Stored data =
lemma phi_Suc_le:
  assumes pt: "pt \<in> zeros_sum A B" and n: "n \<ge> n0"
  shows "phi pt (Suc n)
    \<le> (1 - theta n) * ((1 + beta n) * phi pt n - beta n * phi pt (n - 1)
          + beta n * (1 + beta n) * delta n)
      + theta n * ((1 + alpha n) * phi pt n - alpha n * phi pt (n - 1)
          + alpha n * (1 + alpha n) * delta n - kappa * resid n)
      - rcoef n * ((1 - beta n) * delta (Suc n) - beta n * (1 - beta n) * delta n)"
proof -
  have n1: "n \<ge> 1" using n n0_ge_1 by simp
  define X where "X = x n - pt"
  define Y where "Y = x (n - 1) - pt"
  define T where "T = tseng_pt n - pt"
  have wX: "(1 + alpha n) *\<^sub>R X - alpha n *\<^sub>R Y = w n - pt"
    using w_def[OF n1] by (simp add: X_def Y_def algebra_simps)
  have xX: "(1 - theta n) *\<^sub>R ((1 + beta n) *\<^sub>R X - beta n *\<^sub>R Y) + theta n *\<^sub>R T = x (Suc n) - pt"
    using x_def[OF n1] z_def[OF n1] by (simp add: X_def Y_def T_def tseng_pt_def algebra_simps)
  have Tb: "(norm T)^2 \<le> (norm ((1 + alpha n) *\<^sub>R X - alpha n *\<^sub>R Y))^2 - kappa * resid n"
    unfolding wX T_def by (rule norm_tseng_pt_le[OF pt n])
  have th: "0 < theta n" "theta n < 1" using theta_bounds[OF n1] by auto
  note si = relaxed_inertial_step_ineq[OF th beta_bounds(1)[OF n1] Tb]
  have e1: "x (Suc n) - pt - X = x (Suc n) - x n" by (simp add: X_def)
  have e2: "X - Y = x n - x (n - 1)" by (simp add: X_def Y_def)
  show ?thesis using si unfolding xX e1 e2 unfolding X_def Y_def
    by (simp add: phi_def delta_def rcoef_def)
qed

lemma phi_inertial_ineq:
  assumes pt: "pt \<in> zeros_sum A B" and n: "n \<ge> n0"
  shows "phi pt (Suc n) - phi pt n - acoef n * (phi pt n - phi pt (n - 1))
     \<le> Ecoef n * delta n - Fcoef n * delta (Suc n) - theta n * kappa * resid n"
proof -
  have n1: "n \<ge> 1" using n n0_ge_1 by simp
  note os = phi_Suc_le[OF pt n]
  have ddn: "delta n \<ge> 0" by (simp add: delta_def)
  have aterm: "theta n * (alpha n * (1 + alpha n) * delta n) \<le> theta n * (2 * delta n)"
  proof -
    have "alpha n * (1 + alpha n) \<le> 1 * 2" using alpha_bounds[OF n1] by (intro mult_mono) auto
    then have "alpha n * (1 + alpha n) \<le> 2" by simp
    then have "alpha n * (1 + alpha n) * delta n \<le> 2 * delta n" using ddn by (rule mult_right_mono)
    then show ?thesis using theta_bounds(3)[OF n1] by (intro mult_left_mono) auto
  qed
  show ?thesis
    using os aterm unfolding acoef_def Fcoef_def Ecoef_def by (simp add: algebra_simps)
qed


definition n1 :: nat where "n1 = n0 + 1"
definition lyap :: "'a \<Rightarrow> nat \<Rightarrow> real" where
  "lyap pt n = phi pt n - acoef n * phi pt (n - 1) + Fcoef (n - 1) * delta n"
definition amax :: real where "amax = (1 + bet) / 2"

lemma amax_less_1: "amax < 1" using bet1 by (simp add: amax_def)

lemma amax_nonneg: "amax \<ge> 0" using beta_bounds[of 1] by (simp add: amax_def)

lemma acoef_bounds: assumes "n \<ge> 1" shows "0 \<le> acoef n" "acoef n \<le> amax"
proof -
  note t = theta_bounds[OF assms] and b = beta_bounds[OF assms] and a = alpha_bounds[OF assms]
  show "0 \<le> acoef n" unfolding acoef_def using t b a
    by (intro add_nonneg_nonneg mult_nonneg_nonneg) auto
  have "(1 - theta n) * beta n \<le> (1 - theta n) * bet" using t b by (intro mult_left_mono) auto
  moreover have "theta n * alpha n \<le> theta n * 1" using t a by (intro mult_left_mono) auto
  moreover have "(1 - theta n) * bet + theta n \<le> amax"
  proof -
    have "theta n * (1 - bet) \<le> (1/2) * (1 - bet)" using t bet1 by (intro mult_right_mono) auto
    then show ?thesis by (simp add: amax_def algebra_simps)
  qed
  ultimately show "acoef n \<le> amax" unfolding acoef_def by linarith
qed

lemma acoef_mono: "n \<ge> 1 \<Longrightarrow> acoef n \<le> acoef (Suc n)" using C3_iv by (simp add: acoef_def)

lemma rcoef_nonneg: "n \<ge> 1 \<Longrightarrow> rcoef n \<ge> 0" using theta_bounds[of n] by (simp add: rcoef_def)

lemma Fcoef_nonneg: "n \<ge> 1 \<Longrightarrow> Fcoef n \<ge> 0" using rcoef_nonneg[of n] beta_bounds[of n]
  by (simp add: Fcoef_def)

lemma delta_nonneg: "delta n \<ge> 0" by (simp add: delta_def)
lemma resid_nonneg: "resid n \<ge> 0" by (simp add: resid_def)
lemma phi_nonneg: "phi pt n \<ge> 0" by (simp add: phi_def)
lemma edge_to_child:
  assumes "r \<in> T" "u \<in> T" "w \<in> T" "\<gamma> r w = \<gamma> r u @ [w]"
  shows "{u, w} \<in> E"
proof -
  have "successively (\<lambda>a b. {a, b} \<in> E) (\<gamma> r u @ [w])"
    using simple_walk_tpath[of r w] assms by (simp add: simple_walk_def walk_def)
  then show ?thesis using assms by (simp add: successively_append_iff)
qed

lemma tpath_through_child:
  assumes T: "r \<in> T" "u \<in> T" "w \<in> T" "z \<in> T"
    and child: "\<gamma> r w = \<gamma> r u @ [w]" and "w \<in> set (\<gamma> r z)"
  shows "\<gamma> r z = \<gamma> r u @ \<gamma> w z" and "\<gamma> u z = u # \<gamma> w z"
proof -
  obtain X Y where split: "\<gamma> r z = X @ w # Y" using assms(6) by (meson split_list)
  have walk: "simple_walk (X @ w # Y)" using simple_walk_tpath[of r z] split T by simp
  have "hd (X @ [w]) = r" using hd_tpath[of r z] split T by (cases X) auto
  then have "\<gamma> r w = X @ [w]" using tpath_infix[of "[]" "X @ [w]" Y] walk by simp
  then have X: "X = \<gamma> r u" using child by simp
  have "\<gamma> w z = w # Y"
    using tpath_infix[of X "w # Y" "[]"] walk last_tpath[of r z] split T by simp
  then show "\<gamma> r z = \<gamma> r u @ \<gamma> w z" using split X by simp
  have "u \<in> set X" using X T last_in_set[of "\<gamma> r u"] by simp
  then have "u \<notin> set (\<gamma> w z)"
    using simple_walk_distinct[OF walk] \<open>\<gamma> w z = w # Y\<close> by auto
  moreover have "u \<in> set (\<gamma> u z)" using T hd_in_set[of "\<gamma> u z"] by simp
  ultimately show "\<gamma> u z = u # \<gamma> w z"
    using tpath_across_edge[OF edge_to_child[OF T(1-3) child] T(4)] by auto
qed

lemma tpath_avoiding_child:
  assumes T: "r \<in> T" "u \<in> T" "w \<in> T" "z \<in> T"
    and child: "\<gamma> r w = \<gamma> r u @ [w]" and "w \<notin> set (\<gamma> r z)"
  shows "\<gamma> w z = w # \<gamma> u z"
proof -
  have "w \<notin> set (\<gamma> r u)" using distinct_tpath[of r w] child T by simp
  then have "w \<notin> set (\<gamma> u r) \<union> set (\<gamma> r z)" using tpath_rev[of r u] T assms(6) by simp
  then have "w \<notin> set (\<gamma> u z)" using tpath_subset_join[of u r z] T by blast
  moreover have "w \<in> set (\<gamma> w z)" using T hd_in_set[of "\<gamma> w z"] by simp
  ultimately show ?thesis
    using tpath_across_edge[OF edge_to_child[OF T(1-3) child] T(4)] by auto
qed

end

section \<open>Products over the edges incident to a path\<close>

definition off_path_prod :: "'a set set \<Rightarrow> ('a set \<Rightarrow> 'a \<Rightarrow> int) \<Rightarrow> 'a list \<Rightarrow> 'a \<Rightarrow> int" where
  "off_path_prod E q xs c = (\<Prod>\<epsilon>\<in>{\<epsilon>\<in>E. c \<in> \<epsilon> \<and> \<epsilon> \<notin> path_edges xs}. q \<epsilon> c)"

definition incident_prod :: "'a set set \<Rightarrow> ('a set \<Rightarrow> 'a \<Rightarrow> int) \<Rightarrow> 'a list \<Rightarrow> int" where
  "incident_prod E q xs = (\<Prod>\<epsilon>\<in>incident_edges E xs. q_path q \<epsilon> xs)"

definition tail_prod :: "'a set set \<Rightarrow> ('a set \<Rightarrow> 'a \<Rightarrow> int) \<Rightarrow> 'a list \<Rightarrow> int" where
  "tail_prod E q xs = (\<Prod>c\<in>set (tl xs). off_path_prod E q xs c)"

lemma xval_eq_incident_prod:
  "xval V A E f q v \<alpha> = f \<alpha> * incident_prod E q (tpath (V \<union> A) E v \<alpha>)"
  by (simp add: xval_def incident_prod_def Let_def)

context tree
begin

lemma incident_prod_eq:
  assumes "simple_walk xs"
  shows "incident_prod E q xs = (\<Prod>c\<in>set xs. off_path_prod E q xs c)"
proof -
  let ?at = "\<lambda>c. {\<epsilon>\<in>E. c \<in> \<epsilon> \<and> \<epsilon> \<notin> path_edges xs}"
  have meets_once: "c = d" if "\<epsilon> \<in> ?at c" "\<epsilon> \<in> ?at d" "c \<in> set xs" "d \<in> set xs" for \<epsilon> c d
    using incident_edge_meets_path_once[OF assms] that by (auto simp: incident_edges_def)
  have "incident_edges E xs = (\<Union>c\<in>set xs. ?at c)" by (auto simp: incident_edges_def)
  then have "incident_prod E q xs = (\<Prod>\<epsilon>\<in>(\<Union>c\<in>set xs. ?at c). q_path q \<epsilon> xs)"
    by (simp add: incident_prod_def)
  also have "\<dots> = (\<Prod>c\<in>set xs. \<Prod>\<epsilon>\<in>?at c. q_path q \<epsilon> xs)"
    by (rule prod.UNION_disjoint) (simp_all add: finite_edges, use meets_once in blast)
  also have "\<dots> = (\<Prod>c\<in>set xs. off_path_prod E q xs c)"
    unfolding off_path_prod_def
  proof (intro prod.cong refl)
    fix c \<epsilon> assume "c \<in> set xs" "\<epsilon> \<in> ?at c"
    then have "(SOME u. u \<in> set xs \<and> u \<in> \<epsilon>) = c" using meets_once by (intro some_equality) auto
    then show "q_path q \<epsilon> xs = q \<epsilon> c" by (simp add: q_path_def)
  qed
  finally show ?thesis .
qed

lemma incident_prod_Cons:
  assumes walk: "simple_walk (x # xs)" and "xs \<noteq> []"
  shows "incident_prod E q (x # xs) = bigQ E q {x, hd xs} x * tail_prod E q (x # xs)"
    and "incident_prod E q xs = q {x, hd xs} (hd xs) * tail_prod E q (x # xs)"
proof -
  let ?e = "{x, hd xs}"
  have path_edges: "path_edges (x # xs) = insert ?e (path_edges xs)"
    using path_edges_Cons[OF \<open>xs \<noteq> []\<close>] .
  have x_new: "x \<notin> set xs" using simple_walk_distinct[OF walk] by simp
  then have x_off: "x \<notin> \<epsilon>" if "\<epsilon> \<in> path_edges xs" for \<epsilon> using that path_edge_subset by blast
  have walk': "simple_walk xs" using simple_walk_appendD(2)[of "[x]" xs] walk \<open>xs \<noteq> []\<close> by simp
  have e: "?e \<in> E" using walk \<open>xs \<noteq> []\<close> by (cases xs) (auto simp: simple_walk_def walk_def)
  have "{\<epsilon>\<in>E. x \<in> \<epsilon> \<and> \<epsilon> \<notin> path_edges (x # xs)} = {e'\<in>E. x \<in> e' \<and> e' \<noteq> ?e}"
    unfolding path_edges using x_off by blast
  then have "off_path_prod E q (x # xs) x = bigQ E q ?e x"
    by (simp add: off_path_prod_def bigQ_def)
  then show "incident_prod E q (x # xs) = bigQ E q ?e x * tail_prod E q (x # xs)"
    using incident_prod_eq[OF walk] x_new by (simp add: tail_prod_def)
  have split: "off_path_prod E q xs c
      = (if c = hd xs then q ?e (hd xs) else 1) * off_path_prod E q (x # xs) c"
    if "c \<in> set xs" for c
  proof (cases "c = hd xs")
    case True
    have "{\<epsilon>\<in>E. c \<in> \<epsilon> \<and> \<epsilon> \<notin> path_edges xs}
        = insert ?e {\<epsilon>\<in>E. c \<in> \<epsilon> \<and> \<epsilon> \<notin> path_edges (x # xs)}"
      using True e x_off[of ?e] path_edges by blast
    then show ?thesis
      using True finite_edges by (simp add: off_path_prod_def path_edges prod.insert)
  next
    case False
    then have "c \<notin> ?e" using that x_new by auto
    then have "{\<epsilon>\<in>E. c \<in> \<epsilon> \<and> \<epsilon> \<notin> path_edges xs} = {\<epsilon>\<in>E. c \<in> \<epsilon> \<and> \<epsilon> \<notin> path_edges (x # xs)}"
      using path_edges by auto
    then show ?thesis using False by (simp add: off_path_prod_def)
  qed
  have "incident_prod E q xs = (\<Prod>c\<in>set xs. off_path_prod E q xs c)"
    using incident_prod_eq[OF walk'] .
  also have "\<dots> = (\<Prod>c\<in>set xs. if c = hd xs then q ?e (hd xs) else 1) * tail_prod E q (x # xs)"
    using split by (simp add: tail_prod_def prod.distrib)
  finally show "incident_prod E q xs = q ?e (hd xs) * tail_prod E q (x # xs)"
    using \<open>xs \<noteq> []\<close> by (simp add: prod.delta)
qed

end

section \<open>Propagation of the sign of N away from the root\<close>

lemma sign_transfer:
  fixes a b c d R P n m :: int
  assumes n: "n = c * R + a * P" and m: "m = b * R + d * P"
    and a: "a \<ge> 1" and d: "d \<ge> 1" and det: "a * b - c * d < 0" and R: "R \<ge> 0"
  shows "n < 0 \<Longrightarrow> m < 0" and "n \<le> 0 \<Longrightarrow> m \<le> 0" and "n \<le> 0 \<Longrightarrow> R > 0 \<Longrightarrow> m < 0"
proof -
  have key: "a * m = d * n + R * (a * b - c * d)" using n m by (simp add: algebra_simps)
  have "R * (a * b - c * d) \<le> 0" using R det by (simp add: mult_nonneg_nonpos)
  moreover have "d * n < 0" if "n < 0" using that d by (simp add: mult_pos_neg)
  moreover have "d * n \<le> 0" if "n \<le> 0" using that d by (simp add: mult_nonneg_nonpos)
  moreover have "R * (a * b - c * d) < 0" if "R > 0" using that det by (simp add: mult_pos_neg)
  moreover have "m < 0" if "a * m < 0" using that a by (simp add: mult_less_0_iff)
  moreover have "m \<le> 0" if "a * m \<le> 0" using that a by (simp add: mult_le_0_iff)
  ultimately show "n < 0 \<Longrightarrow> m < 0" and "n \<le> 0 \<Longrightarrow> m \<le> 0" and "n \<le> 0 \<Longrightarrow> R > 0 \<Longrightarrow> m < 0"
    using key by linarith+
qed
lemma symmetric_chain_in_chain_family:
  "symmetric_chain n c \<Longrightarrow> length c \<le> k + 1 \<Longrightarrow> c \<in> chain_family n k"
  by (auto simp: chain_family_def symmetric_chain_def)

lemma finite_chain_family: "finite (chain_family n k)"
proof -
  have "chain_family n k \<subseteq> {c. set c \<subseteq> cube n \<and> length c \<le> k + 1}"
    by (auto simp: chain_family_def symmetric_chain_def is_chain_def)
  then show ?thesis
    using finite_lists_length_le[OF finite_cube] finite_subset by blast
qed

lemma chain_above:
  "x \<in> cube n \<Longrightarrow> weight x + m \<le> n
     \<Longrightarrow> \<exists>U. length U = m \<and> set U \<subseteq> cube n \<and> successively covers (x # U)"
proof (induction m arbitrary: x)
  case 0
  then show ?case by simp
next
  case (Suc m)
  then obtain j where j: "j < length x" "\<not> x ! j"
    using ex_nth_False[of x] by (auto simp: cube_def)
  then have cov: "covers x (x[j := True])"
    by (rule covers_update_True)
  moreover have "x[j := True] \<in> cube n" "weight (x[j := True]) + m \<le> n"
    using Suc.prems covers_weight[OF cov] by (auto simp: cube_def)
  ultimately obtain U where "length U = m" "set U \<subseteq> cube n"
      "successively covers (x[j := True] # U)"
    using Suc.IH by blast
  then show ?case
    using cov \<open>x[j := True] \<in> cube n\<close>
    by (intro exI[of _ "x[j := True] # U"]) simp
qed

lemma chain_below:
  "x \<in> cube n \<Longrightarrow> m \<le> weight x
     \<Longrightarrow> \<exists>D. length D = m \<and> set D \<subseteq> cube n \<and> successively covers (D @ [x])"
proof (induction m arbitrary: x)
  case 0
  then show ?case by simp
next
  case (Suc m)
  then obtain j where j: "j < length x" "x ! j"
    using ex_nth_True[of x] by auto
  then have cov: "covers (x[j := False]) x"
    by (rule covers_update_False)
  moreover have "x[j := False] \<in> cube n" "m \<le> weight (x[j := False])"
    using Suc.prems covers_weight[OF cov] by (auto simp: cube_def)
  ultimately obtain D where "length D = m" "set D \<subseteq> cube n"
      "successively covers (D @ [x[j := False]])"
    using Suc.IH by blast
  then show ?case
    using cov \<open>x[j := False] \<in> cube n\<close> successively_append_iff[of covers "D @ [x[j := False]]" "[x]"]
    by (intro exI[of _ "D @ [x[j := False]]"]) simp
qed

lemma is_chain_glue:
  assumes "set D \<subseteq> cube n" "set U \<subseteq> cube n" "z \<in> cube n"
    and "successively covers (D @ [z])" "successively covers (z # U)"
  shows "is_chain n (D @ z # U)"
  using assms successively_append_iff[of covers "D @ [z]" U]
  by (auto simp: is_chain_iff successively_Cons)

lemma chains_through_diamond:
  assumes "1 \<le> k" "k \<le> n" "b \<in> cube n" "covers b a" "covers a t"
  obtains D U where "length D + length U = k"
    and "\<And>z. covers b z \<Longrightarrow> covers z t \<Longrightarrow> is_chain n (D @ z # U)"
proof -
  have wa: "weight a = Suc (weight b)" and wt: "weight t = Suc (weight a)"
    using assms(4,5) by (simp_all add: covers_weight)
  have t: "t \<in> cube n"
    using assms(3-5) by (simp add: cube_def covers_length)
  have z: "z \<in> cube n" if "covers b z" for z
    using assms(3) that by (simp add: cube_def covers_length)
  show thesis
  proof (cases "k \<le> weight a")
    case True
    then have "k - 1 \<le> weight b"
      using wa by simp
    then obtain D where D: "length D = k - 1" "set D \<subseteq> cube n" "successively covers (D @ [b])"
      using chain_below[OF assms(3)] by blast
    have "is_chain n ((D @ [b]) @ z # [])" if "covers b z" for z
      using D assms(3) z[OF that] that
      by (intro is_chain_glue) (auto simp: successively_append_iff)
    then show thesis
      using that[of "D @ [b]" "[]"] D assms(1) by simp
  next
    case False
    then obtain D where D: "length D = weight b" "set D \<subseteq> cube n" "successively covers (D @ [b])"
      using chain_below[OF assms(3), of "weight b"] by auto
    obtain U where U: "length U = k - Suc (weight a)" "set U \<subseteq> cube n" "successively covers (t # U)"
      using chain_above[OF t, of "k - Suc (weight a)"] False wt assms(2) by auto
    have "is_chain n ((D @ [b]) @ z # t # U)" if "covers b z" "covers z t" for z
      using D U assms(3) t z that
      by (intro is_chain_glue) (auto simp: successively_append_iff)
    then show thesis
      using that[of "D @ [b]" "t # U"] D U False wa by simp
  qed
qed

lemma div_two_add_succ_div_two: "n div 2 + (n + 1) div 2 = (n :: nat)"
  by presburger

lemma succ_div_two_le: "(n + 1) div 2 \<le> n div 2 + (1 :: nat)"
  by presburger

lemma ex_middle_symmetric_chain:
  "\<exists>c. symmetric_chain n c \<and> weight (hd c) = n div 2 \<and> length c \<le> 2"
proof -
  obtain x where x: "x \<in> cube n" "weight x = n div 2"
    using ex_cube_weight[of "n div 2" n] by auto
  moreover have "weight x + ((n + 1) div 2 - n div 2) \<le> n"
    using x div_two_add_succ_div_two[of n] by simp
  ultimately obtain U where U: "length U = (n + 1) div 2 - n div 2" "set U \<subseteq> cube n"
      "successively covers (x # U)"
    using chain_above by blast
  then have "symmetric_chain n (x # U)"
    using x div_two_add_succ_div_two[of n] by (simp add: symmetric_chain_def is_chain_iff)
  moreover have "length (x # U) \<le> 2"
    using U(1) succ_div_two_le[of n] by simp
  ultimately show ?thesis
    using x by auto
qed

section \<open>Residues in intervals\<close>

lemma mod_eq_imp_eq_nat:
  fixes a b m :: nat
  assumes "a \<le> b" "b < a + m" "a mod m = b mod m"
  shows "a = b"
proof -
  have "m dvd b - a"
    using mod_eq_dvd_iff_nat[of a b m] assms(1,3) by simp
  moreover have "b - a < m"
    using assms(1,2) by simp
  ultimately have "\<not> 0 < b - a"
    using nat_dvd_not_less by blast
  then show ?thesis
    using assms(1) by simp
qed

lemma card_mod_class_Int_interval:
  fixes m :: nat
  assumes "L \<le> m" "u \<in> {h..<h + L}" "u mod m = r"
  shows "card ({v. v mod m = r} \<inter> {h..<h + L}) = 1"
proof -
  have "v = u" if v: "v \<in> {h..<h + L}" "v mod m = r" for v
  proof (cases "u \<le> v")
    case True
    moreover have "v < u + m"
      using v(1) assms(1,2) by simp
    ultimately show ?thesis
      using mod_eq_imp_eq_nat[of u v m] v(2) assms(3) by simp
  next
    case False
    moreover have "u < v + m"
      using v(1) assms(1,2) by simp
    ultimately show ?thesis
      using mod_eq_imp_eq_nat[of v u m] v(2) assms(3) by simp
  qed
  then have "{v. v mod m = r} \<inter> {h..<h + L} = {u}"
    using assms(2,3) by blast
  then show ?thesis
    by simp
qed

lemma ex_mod_eq_in_interval:
  fixes m :: nat
  assumes "0 < m"
  shows "\<exists>u\<in>{h..<h + m}. u mod m = r mod m"
proof
  let ?i = "(r + (m - 1) * h) mod m"
  have "(h + ?i) mod m = (h + (r + (m - 1) * h)) mod m"
    by (simp add: mod_add_right_eq)
  also have "h + (r + (m - 1) * h) = r + m * h"
    using assms by (cases m) (simp_all add: algebra_simps)
  finally show "(h + ?i) mod m = r mod m"
    by simp
  show "h + ?i \<in> {h..<h + m}"
    using assms by simp
qed

lemma periodic_if_one_per_window:
  fixes R :: "nat set"
  assumes "k \<le> n" and window: "\<And>s. s + k \<le> n \<Longrightarrow> card (R \<inter> {s..s + k}) = 1"
  shows "\<exists>r\<le>k. \<forall>v\<le>n. v \<in> R \<longleftrightarrow> v mod (k + 1) = r"
proof -
  have shift: "s \<in> R \<longleftrightarrow> s + (k + 1) \<in> R" if "s + (k + 1) \<le> n" for s
  proof -
    let ?M = "R \<inter> {Suc s..s + k}"
    have "{s..s + k} = insert s {Suc s..s + k}" "{Suc s..Suc s + k} = insert (s + (k + 1)) {Suc s..s + k}"
      by auto
    then have "R \<inter> {s..s + k} = (if s \<in> R then insert s ?M else ?M)"
      "R \<inter> {Suc s..Suc s + k} = (if s + (k + 1) \<in> R then insert (s + (k + 1)) ?M else ?M)"
      by auto
    moreover have "card (R \<inter> {s..s + k}) = 1" "card (R \<inter> {Suc s..Suc s + k}) = 1"
      using window[of s] window[of "Suc s"] that by simp_all
    ultimately show ?thesis
      by (auto split: if_splits)
  qed
  have periodic: "v \<in> R \<longleftrightarrow> v mod (k + 1) \<in> R" if "v \<le> n" for v
    using that
  proof (induction v rule: less_induct)
    case (less v)
    show ?case
    proof (cases "v < k + 1")
      case False
      then have "v - (k + 1) \<in> R \<longleftrightarrow> v \<in> R"
        using shift[of "v - (k + 1)"] less.prems by simp
      then show ?thesis
        using less.IH[of "v - (k + 1)"] less.prems False by (simp add: le_mod_geq)
    qed simp
  qed
  obtain r where r: "R \<inter> {0..k} = {r}"
    using window[of 0] assms(1) by (auto simp: card_1_singleton_iff)
  have "v \<in> R \<longleftrightarrow> v mod (k + 1) = r" if "v \<le> n" for v
  proof -
    have "v mod (k + 1) \<in> {0..k}"
      by (simp add: less_Suc_eq_le)
    then show ?thesis
      using periodic[OF that] r by blast
  qed
  moreover have "r \<le> k"
    using r by auto
  ultimately show ?thesis
    by blast
qed

lemma middle_weight_in_symmetric_range:
  fixes h L n u :: nat
  assumes "h + (h + L - 1) = n" "1 \<le> L" "n div 2 \<le> u" "u \<le> (n + 1) div 2"
  shows "u \<in> {h..<h + L}"
proof -
  have "2 * h \<le> n" "n + 1 < 2 * h + 2 * L"
    using assms(1,2) by linarith+
  moreover have "2 * (n div 2) \<le> n" "2 * ((n + 1) div 2) \<le> n + 1"
    by simp_all
  ultimately show ?thesis
    using assms(3,4) by auto
qed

Exercise directions = Please return the span of lines above that opens with the one containing "(n div 2) \<le>" and closes with the final line, both included, exactly as written and nothing more.

The completed task =
  moreover have "2 * (n div 2) \<le> n" "2 * ((n + 1) div 2) \<le> n + 1"
    by simp_all
  ultimately show ?thesis
    using assms(3,4) by auto
qed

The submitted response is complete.